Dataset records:
.....

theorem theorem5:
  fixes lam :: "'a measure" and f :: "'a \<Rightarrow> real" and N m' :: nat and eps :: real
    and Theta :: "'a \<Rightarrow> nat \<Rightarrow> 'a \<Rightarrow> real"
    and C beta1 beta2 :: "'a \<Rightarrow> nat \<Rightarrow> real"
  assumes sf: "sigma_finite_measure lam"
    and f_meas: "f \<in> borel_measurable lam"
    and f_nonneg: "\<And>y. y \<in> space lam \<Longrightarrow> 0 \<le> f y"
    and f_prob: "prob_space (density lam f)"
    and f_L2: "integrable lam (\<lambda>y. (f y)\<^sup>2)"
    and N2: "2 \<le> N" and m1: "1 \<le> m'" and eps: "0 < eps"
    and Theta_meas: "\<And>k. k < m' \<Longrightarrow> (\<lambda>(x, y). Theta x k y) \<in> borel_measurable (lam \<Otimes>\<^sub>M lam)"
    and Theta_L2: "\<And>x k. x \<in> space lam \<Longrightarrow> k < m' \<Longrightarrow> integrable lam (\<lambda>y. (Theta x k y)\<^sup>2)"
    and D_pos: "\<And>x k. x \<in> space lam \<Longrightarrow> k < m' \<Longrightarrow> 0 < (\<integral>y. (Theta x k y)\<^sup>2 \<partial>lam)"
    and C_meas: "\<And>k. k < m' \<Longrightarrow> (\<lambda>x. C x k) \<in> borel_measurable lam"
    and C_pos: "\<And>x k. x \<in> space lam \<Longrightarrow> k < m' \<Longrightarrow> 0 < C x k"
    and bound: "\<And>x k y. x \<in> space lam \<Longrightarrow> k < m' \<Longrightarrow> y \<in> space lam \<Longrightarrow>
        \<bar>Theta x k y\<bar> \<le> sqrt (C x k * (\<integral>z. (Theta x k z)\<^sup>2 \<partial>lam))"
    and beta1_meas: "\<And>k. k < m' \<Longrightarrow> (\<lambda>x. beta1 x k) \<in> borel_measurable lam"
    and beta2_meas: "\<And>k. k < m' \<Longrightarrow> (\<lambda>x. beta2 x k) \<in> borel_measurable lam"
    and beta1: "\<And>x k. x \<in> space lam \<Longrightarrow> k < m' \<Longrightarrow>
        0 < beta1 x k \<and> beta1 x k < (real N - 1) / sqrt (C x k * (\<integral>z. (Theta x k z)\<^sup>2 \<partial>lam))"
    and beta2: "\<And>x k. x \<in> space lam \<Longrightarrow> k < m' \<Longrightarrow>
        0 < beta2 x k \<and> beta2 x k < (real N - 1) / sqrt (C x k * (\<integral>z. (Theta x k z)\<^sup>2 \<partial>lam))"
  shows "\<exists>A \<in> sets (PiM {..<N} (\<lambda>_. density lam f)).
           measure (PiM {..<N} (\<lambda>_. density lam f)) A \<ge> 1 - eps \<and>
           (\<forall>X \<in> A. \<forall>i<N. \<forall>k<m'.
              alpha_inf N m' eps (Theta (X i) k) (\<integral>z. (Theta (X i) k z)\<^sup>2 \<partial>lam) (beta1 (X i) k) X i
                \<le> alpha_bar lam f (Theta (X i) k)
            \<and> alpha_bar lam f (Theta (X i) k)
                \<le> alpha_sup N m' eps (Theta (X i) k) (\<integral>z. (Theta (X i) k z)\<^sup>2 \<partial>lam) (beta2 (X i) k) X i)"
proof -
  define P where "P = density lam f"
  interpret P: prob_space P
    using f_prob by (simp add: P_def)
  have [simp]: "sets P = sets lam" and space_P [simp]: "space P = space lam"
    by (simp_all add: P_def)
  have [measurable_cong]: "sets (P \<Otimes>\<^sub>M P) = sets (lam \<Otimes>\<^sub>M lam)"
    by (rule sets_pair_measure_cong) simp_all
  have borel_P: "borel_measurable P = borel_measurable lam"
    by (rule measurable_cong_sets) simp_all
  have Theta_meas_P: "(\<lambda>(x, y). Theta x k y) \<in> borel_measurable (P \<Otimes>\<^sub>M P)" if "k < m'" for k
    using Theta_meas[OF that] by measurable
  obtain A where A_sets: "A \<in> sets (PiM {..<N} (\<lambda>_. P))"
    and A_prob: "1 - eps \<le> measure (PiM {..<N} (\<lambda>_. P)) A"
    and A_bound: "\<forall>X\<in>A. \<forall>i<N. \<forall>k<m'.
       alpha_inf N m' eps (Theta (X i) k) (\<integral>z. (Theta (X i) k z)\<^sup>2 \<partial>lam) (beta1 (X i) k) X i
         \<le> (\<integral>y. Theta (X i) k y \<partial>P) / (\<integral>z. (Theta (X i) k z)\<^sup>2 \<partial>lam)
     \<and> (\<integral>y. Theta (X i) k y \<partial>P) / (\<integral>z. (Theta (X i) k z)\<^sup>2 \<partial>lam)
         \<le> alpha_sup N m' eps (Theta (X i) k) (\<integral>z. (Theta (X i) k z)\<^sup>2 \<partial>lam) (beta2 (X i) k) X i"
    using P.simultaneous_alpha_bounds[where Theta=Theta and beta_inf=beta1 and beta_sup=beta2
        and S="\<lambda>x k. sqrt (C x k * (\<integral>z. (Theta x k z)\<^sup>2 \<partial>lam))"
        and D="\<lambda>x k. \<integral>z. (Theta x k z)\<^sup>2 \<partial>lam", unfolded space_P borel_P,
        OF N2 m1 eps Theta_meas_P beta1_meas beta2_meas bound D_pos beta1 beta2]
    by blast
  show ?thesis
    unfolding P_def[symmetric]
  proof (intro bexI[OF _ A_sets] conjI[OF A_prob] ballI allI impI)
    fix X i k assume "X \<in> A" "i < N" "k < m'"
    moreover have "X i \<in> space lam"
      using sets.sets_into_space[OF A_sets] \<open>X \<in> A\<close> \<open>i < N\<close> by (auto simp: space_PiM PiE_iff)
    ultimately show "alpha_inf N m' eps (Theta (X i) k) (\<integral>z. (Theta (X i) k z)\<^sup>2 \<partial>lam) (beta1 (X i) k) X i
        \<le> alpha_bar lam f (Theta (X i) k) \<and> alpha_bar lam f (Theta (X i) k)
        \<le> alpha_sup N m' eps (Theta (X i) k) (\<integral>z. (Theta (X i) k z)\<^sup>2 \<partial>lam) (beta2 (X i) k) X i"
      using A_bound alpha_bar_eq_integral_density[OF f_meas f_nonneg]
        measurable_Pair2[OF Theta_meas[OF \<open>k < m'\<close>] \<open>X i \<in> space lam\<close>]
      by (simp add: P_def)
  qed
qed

.....

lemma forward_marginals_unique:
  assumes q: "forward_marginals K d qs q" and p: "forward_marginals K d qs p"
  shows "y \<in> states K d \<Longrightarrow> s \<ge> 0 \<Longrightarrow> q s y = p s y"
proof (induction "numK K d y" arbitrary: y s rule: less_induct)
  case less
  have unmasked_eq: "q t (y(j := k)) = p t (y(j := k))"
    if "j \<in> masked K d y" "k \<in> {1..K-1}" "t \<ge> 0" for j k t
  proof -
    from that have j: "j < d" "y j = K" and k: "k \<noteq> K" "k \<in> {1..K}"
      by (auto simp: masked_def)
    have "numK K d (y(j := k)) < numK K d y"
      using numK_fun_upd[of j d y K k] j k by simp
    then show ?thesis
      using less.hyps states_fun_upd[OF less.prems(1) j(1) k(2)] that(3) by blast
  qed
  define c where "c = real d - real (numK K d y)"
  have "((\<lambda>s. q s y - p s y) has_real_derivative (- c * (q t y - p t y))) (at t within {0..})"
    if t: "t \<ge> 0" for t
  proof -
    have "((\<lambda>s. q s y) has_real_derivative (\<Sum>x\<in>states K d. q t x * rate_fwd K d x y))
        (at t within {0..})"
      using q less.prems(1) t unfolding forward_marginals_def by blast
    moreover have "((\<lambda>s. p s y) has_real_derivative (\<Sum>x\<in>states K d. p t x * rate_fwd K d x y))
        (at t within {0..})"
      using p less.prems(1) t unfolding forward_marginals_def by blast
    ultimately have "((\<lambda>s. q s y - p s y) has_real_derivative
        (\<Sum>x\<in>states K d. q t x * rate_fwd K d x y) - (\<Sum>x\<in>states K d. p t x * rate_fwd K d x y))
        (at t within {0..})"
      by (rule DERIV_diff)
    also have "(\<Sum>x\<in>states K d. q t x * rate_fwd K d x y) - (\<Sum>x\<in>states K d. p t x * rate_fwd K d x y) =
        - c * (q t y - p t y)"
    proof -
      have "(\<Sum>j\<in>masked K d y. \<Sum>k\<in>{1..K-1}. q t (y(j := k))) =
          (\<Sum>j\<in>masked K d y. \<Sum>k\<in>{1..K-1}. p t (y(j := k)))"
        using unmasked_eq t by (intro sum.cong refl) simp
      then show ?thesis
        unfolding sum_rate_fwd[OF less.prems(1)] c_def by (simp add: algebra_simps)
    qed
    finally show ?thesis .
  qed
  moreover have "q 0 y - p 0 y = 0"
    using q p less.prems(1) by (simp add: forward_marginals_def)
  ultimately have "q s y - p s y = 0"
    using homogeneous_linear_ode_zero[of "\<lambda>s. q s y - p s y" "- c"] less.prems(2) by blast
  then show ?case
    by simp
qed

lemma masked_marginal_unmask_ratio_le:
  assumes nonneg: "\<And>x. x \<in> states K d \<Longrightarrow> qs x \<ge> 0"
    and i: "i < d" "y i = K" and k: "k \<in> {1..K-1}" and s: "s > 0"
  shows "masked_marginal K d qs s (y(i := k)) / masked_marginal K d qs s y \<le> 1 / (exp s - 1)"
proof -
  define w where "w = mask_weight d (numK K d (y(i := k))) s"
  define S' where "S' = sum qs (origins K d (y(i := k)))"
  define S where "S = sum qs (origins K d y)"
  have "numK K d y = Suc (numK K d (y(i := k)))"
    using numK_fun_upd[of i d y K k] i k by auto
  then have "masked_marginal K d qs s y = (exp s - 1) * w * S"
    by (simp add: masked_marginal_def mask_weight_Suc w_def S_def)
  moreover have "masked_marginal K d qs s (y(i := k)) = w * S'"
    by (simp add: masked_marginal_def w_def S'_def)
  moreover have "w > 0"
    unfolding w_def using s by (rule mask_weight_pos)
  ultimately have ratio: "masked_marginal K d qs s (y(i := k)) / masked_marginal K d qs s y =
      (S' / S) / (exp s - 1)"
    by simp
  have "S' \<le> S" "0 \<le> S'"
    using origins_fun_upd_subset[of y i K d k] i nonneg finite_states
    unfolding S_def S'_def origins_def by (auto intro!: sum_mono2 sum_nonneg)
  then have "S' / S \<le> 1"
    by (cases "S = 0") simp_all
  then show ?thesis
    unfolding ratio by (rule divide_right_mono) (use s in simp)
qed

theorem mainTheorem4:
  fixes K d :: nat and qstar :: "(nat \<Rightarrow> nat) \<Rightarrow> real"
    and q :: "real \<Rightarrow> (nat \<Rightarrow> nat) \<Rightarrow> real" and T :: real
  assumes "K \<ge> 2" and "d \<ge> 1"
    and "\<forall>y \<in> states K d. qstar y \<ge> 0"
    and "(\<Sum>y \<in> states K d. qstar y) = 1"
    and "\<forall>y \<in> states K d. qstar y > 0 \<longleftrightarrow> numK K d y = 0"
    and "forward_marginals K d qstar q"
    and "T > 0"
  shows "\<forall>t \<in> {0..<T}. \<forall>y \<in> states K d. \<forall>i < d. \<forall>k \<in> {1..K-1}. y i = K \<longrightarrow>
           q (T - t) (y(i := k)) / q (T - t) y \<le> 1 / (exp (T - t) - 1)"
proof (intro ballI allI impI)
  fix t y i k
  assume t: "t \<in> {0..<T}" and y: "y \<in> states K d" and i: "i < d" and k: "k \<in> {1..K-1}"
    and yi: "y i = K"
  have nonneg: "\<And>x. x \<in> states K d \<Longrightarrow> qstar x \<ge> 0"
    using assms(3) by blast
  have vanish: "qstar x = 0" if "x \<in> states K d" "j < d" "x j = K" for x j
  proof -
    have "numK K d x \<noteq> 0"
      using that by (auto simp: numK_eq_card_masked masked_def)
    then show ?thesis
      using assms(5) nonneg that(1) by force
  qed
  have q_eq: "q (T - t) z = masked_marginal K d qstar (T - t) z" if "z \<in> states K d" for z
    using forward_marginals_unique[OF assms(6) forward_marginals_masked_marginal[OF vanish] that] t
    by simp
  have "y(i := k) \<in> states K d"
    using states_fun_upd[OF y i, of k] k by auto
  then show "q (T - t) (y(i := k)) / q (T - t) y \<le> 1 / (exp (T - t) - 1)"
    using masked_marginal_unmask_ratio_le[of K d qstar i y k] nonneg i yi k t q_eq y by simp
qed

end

.....

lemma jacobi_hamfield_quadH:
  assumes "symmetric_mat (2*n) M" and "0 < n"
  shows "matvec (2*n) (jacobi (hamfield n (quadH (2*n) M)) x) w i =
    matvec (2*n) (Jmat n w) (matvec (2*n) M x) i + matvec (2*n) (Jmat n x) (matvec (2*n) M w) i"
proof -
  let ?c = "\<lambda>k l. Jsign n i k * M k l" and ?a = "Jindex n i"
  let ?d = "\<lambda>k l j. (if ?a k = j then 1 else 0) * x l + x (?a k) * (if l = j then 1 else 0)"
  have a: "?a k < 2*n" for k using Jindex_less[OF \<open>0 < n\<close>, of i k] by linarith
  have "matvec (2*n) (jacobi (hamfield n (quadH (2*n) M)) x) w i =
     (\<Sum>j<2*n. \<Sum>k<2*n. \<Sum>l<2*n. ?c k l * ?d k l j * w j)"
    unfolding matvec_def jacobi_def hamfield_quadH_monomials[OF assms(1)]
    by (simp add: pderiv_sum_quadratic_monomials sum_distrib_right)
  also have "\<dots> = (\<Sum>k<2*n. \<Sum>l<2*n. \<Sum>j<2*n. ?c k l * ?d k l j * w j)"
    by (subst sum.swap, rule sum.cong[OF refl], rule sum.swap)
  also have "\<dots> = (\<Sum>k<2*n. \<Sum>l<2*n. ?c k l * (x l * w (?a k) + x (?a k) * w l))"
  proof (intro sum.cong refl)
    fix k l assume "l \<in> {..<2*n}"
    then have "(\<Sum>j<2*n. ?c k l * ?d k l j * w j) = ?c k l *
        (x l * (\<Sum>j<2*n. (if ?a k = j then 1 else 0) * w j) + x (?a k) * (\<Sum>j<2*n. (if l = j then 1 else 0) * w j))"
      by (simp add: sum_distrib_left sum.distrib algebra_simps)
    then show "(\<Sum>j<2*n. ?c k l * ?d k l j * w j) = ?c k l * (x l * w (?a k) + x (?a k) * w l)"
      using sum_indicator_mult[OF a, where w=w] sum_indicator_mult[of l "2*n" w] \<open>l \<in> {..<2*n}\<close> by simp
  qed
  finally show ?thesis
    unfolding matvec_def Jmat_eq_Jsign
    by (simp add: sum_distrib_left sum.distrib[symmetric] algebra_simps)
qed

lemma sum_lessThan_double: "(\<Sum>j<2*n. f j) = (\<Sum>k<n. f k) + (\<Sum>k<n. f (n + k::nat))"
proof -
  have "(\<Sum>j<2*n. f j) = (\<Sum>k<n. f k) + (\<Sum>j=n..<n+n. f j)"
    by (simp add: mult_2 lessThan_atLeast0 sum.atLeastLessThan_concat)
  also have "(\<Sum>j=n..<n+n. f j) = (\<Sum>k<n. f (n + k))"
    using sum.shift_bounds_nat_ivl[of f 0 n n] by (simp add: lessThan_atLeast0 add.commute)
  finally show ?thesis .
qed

.....

#### [WORK REQUEST]
Looking at the entries above, report how many of their lines include "noteq", and add nothing else.

#### [FINISHED TASK]
2